SUMMARY OF THE INVENTION
According to one aspect of the invention, there is provided an
apparatus for dehydrating organic material. A vacuum chamber has an
input end for introduction of the organic material into the vacuum
chamber and a discharge end for removal of the material. The vacuum
chamber has a plurality of access doors that are longitudinally
spaced apart between the input end and the discharge end of the
vacuum chamber, each covering a respective access port. Each access
door has a plurality of magnetrons, each magnetron having a
respective waveguide. Each access door has a respective
microwave-transparent window arranged between the waveguides and
the vacuum chamber. The magnetrons and waveguides on a respective
access door are arranged to radiate microwaves through the
microwave-transparent window into the vacuum chamber.
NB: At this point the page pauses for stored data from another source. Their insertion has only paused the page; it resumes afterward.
definition reg_act :: "('g, 'b) monoid_scheme \<Rightarrow> 'g \<Rightarrow> (nat \<Rightarrow> 'g \<Rightarrow> real) \<Rightarrow> (nat \<Rightarrow> 'g \<Rightarrow> real)"
  where "reg_act G h v = (\<lambda>i g. if g \<in> carrier G then v i (inv\<^bsub>G\<^esub> h \<otimes>\<^bsub>G\<^esub> g) else 0)"

text \<open>Metric of Q(n,G) = L_1(n,G)/G, on representatives.\<close>
definition Q_dist :: "nat \<Rightarrow> ('g, 'b) monoid_scheme \<Rightarrow> (nat \<Rightarrow> 'g \<Rightarrow> real) \<Rightarrow> (nat \<Rightarrow> 'g \<Rightarrow> real) \<Rightarrow> real"
  where "Q_dist n G v w = Min ((\<lambda>h. RG_dist n G v (reg_act G h w)) ` carrier G)"

end

theory Submission
  imports Defs "HOL-Real_Asymp.Real_Asymp"
begin

text \<open>Enumerate \<open>X = {x\<^sub>0, \<dots>, x\<^sub>n\<^sub>-\<^sub>1}\<close> and let \<open>p\<close> realise \<open>d\<close> in \<open>E\<^sup>m/G\<close>. The points
  \<open>g p(x\<^sub>i)\<close>, indexed by \<open>T = {0..n-1} \<times> G\<close>, carry the kernel \<open>N = |\<cdot> - \<cdot>|\<^sup>2\<^sup>\<alpha>\<close>, which is
  conditionally negative definite by Schoenberg's theorem: \<open>|z|\<^sup>2\<^sup>\<alpha>\<close> is a limit of constants
  minus nonnegative combinations of Gaussians, and Gaussian kernels are positive definite.
  Double centering turns \<open>N\<close> into a positive semidefinite matrix \<open>M\<close> with
  \<open>M\<^sub>s\<^sub>s + M\<^sub>t\<^sub>t - 2 M\<^sub>s\<^sub>t = N\<^sub>s\<^sub>t\<close>, so the columns of its positive square root \<open>R\<close> are points
  of \<open>\<real>\<^sup>T = \<real>[G]\<^sup>n\<close> whose squared distances are \<open>N\<close>. Left translation by \<open>h \<in> G\<close> is a
  symmetry of \<open>N\<close>, hence of \<open>R\<close>, so the regular action of \<open>h\<close> moves the column of \<open>(i, 1)\<close>
  to the column of \<open>(i, h)\<close>. Shifted by a constant, the columns of the \<open>(i, 1)\<close> lie in
  \<open>L\<^sub>1(n,G)\<close>, and minimising over \<open>h\<close> turns \<open>|p(x\<^sub>i) - h p(x\<^sub>j)|\<^sup>\<alpha>\<close> into \<open>d(x\<^sub>i, x\<^sub>j)\<^sup>\<alpha>\<close>.\<close>

section \<open>Linear algebra on functions supported on a finite index set\<close>

text \<open>A vector indexed by a finite set \<open>T\<close> is a function vanishing outside \<open>T\<close>,
  and a matrix is a kernel \<open>'a \<Rightarrow> 'a \<Rightarrow> real\<close> of which only the values on \<open>T \<times> T\<close> matter.\<close>

definition inner_on :: "'a set \<Rightarrow> ('a \<Rightarrow> real) \<Rightarrow> ('a \<Rightarrow> real) \<Rightarrow> real"
  where "inner_on T u v = (\<Sum>t\<in>T. u t * v t)"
The
waveguides on each access door are oriented to minimize microwave
interference between the magnetrons on the access door. This
minimization of microwave interference may be done by having the
waveguide openings in the face of an access door oriented at an
angle different from the openings of the other waveguides on the
access door. The apparatus has means for reducing pressure inside
the vacuum chamber, means for loading the organic material into the
input end of the vacuum chamber, means for moving the material
through the vacuum chamber from the input end to the discharge end,
and means for unloading the dehydrated organic material at the
discharge end.
According to another aspect of the invention, there is provided an
apparatus for dehydrating organic material, comprising a vacuum
chamber having a vacuum chamber access door covering an access
port, a plurality of magnetrons positioned on the access door and
arranged to radiate microwaves through a microwave-transparent
window into the vacuum chamber, each magnetron having a respective
waveguide. A microwave-transparent window is arranged between the
waveguides and the vacuum chamber. The magnetrons and waveguides on
the access door are arranged to radiate microwaves through the
microwave-transparent window into the vacuum chamber. The
waveguides on the access door are oriented to minimize interference
between the magnetrons. The apparatus has means for reducing
pressure inside the vacuum chamber.
According to another aspect of the invention, there is provided a
method for dehydrating an organic material. The material is
introduced into a vacuum chamber, the chamber being at a pressure
less than atmospheric. The organic material is moved through the
vacuum chamber from an input end to a discharge end while applying
microwave radiation from a plurality of magnetrons positioned on a
plurality of access doors of the vacuum chamber through respective
microwave-transparent windows to dehydrate the organic material,
the waveguides being oriented to minimize interference between the
magnetrons on a respective access door. The dehydrated organic
material is then removed from the vacuum chamber.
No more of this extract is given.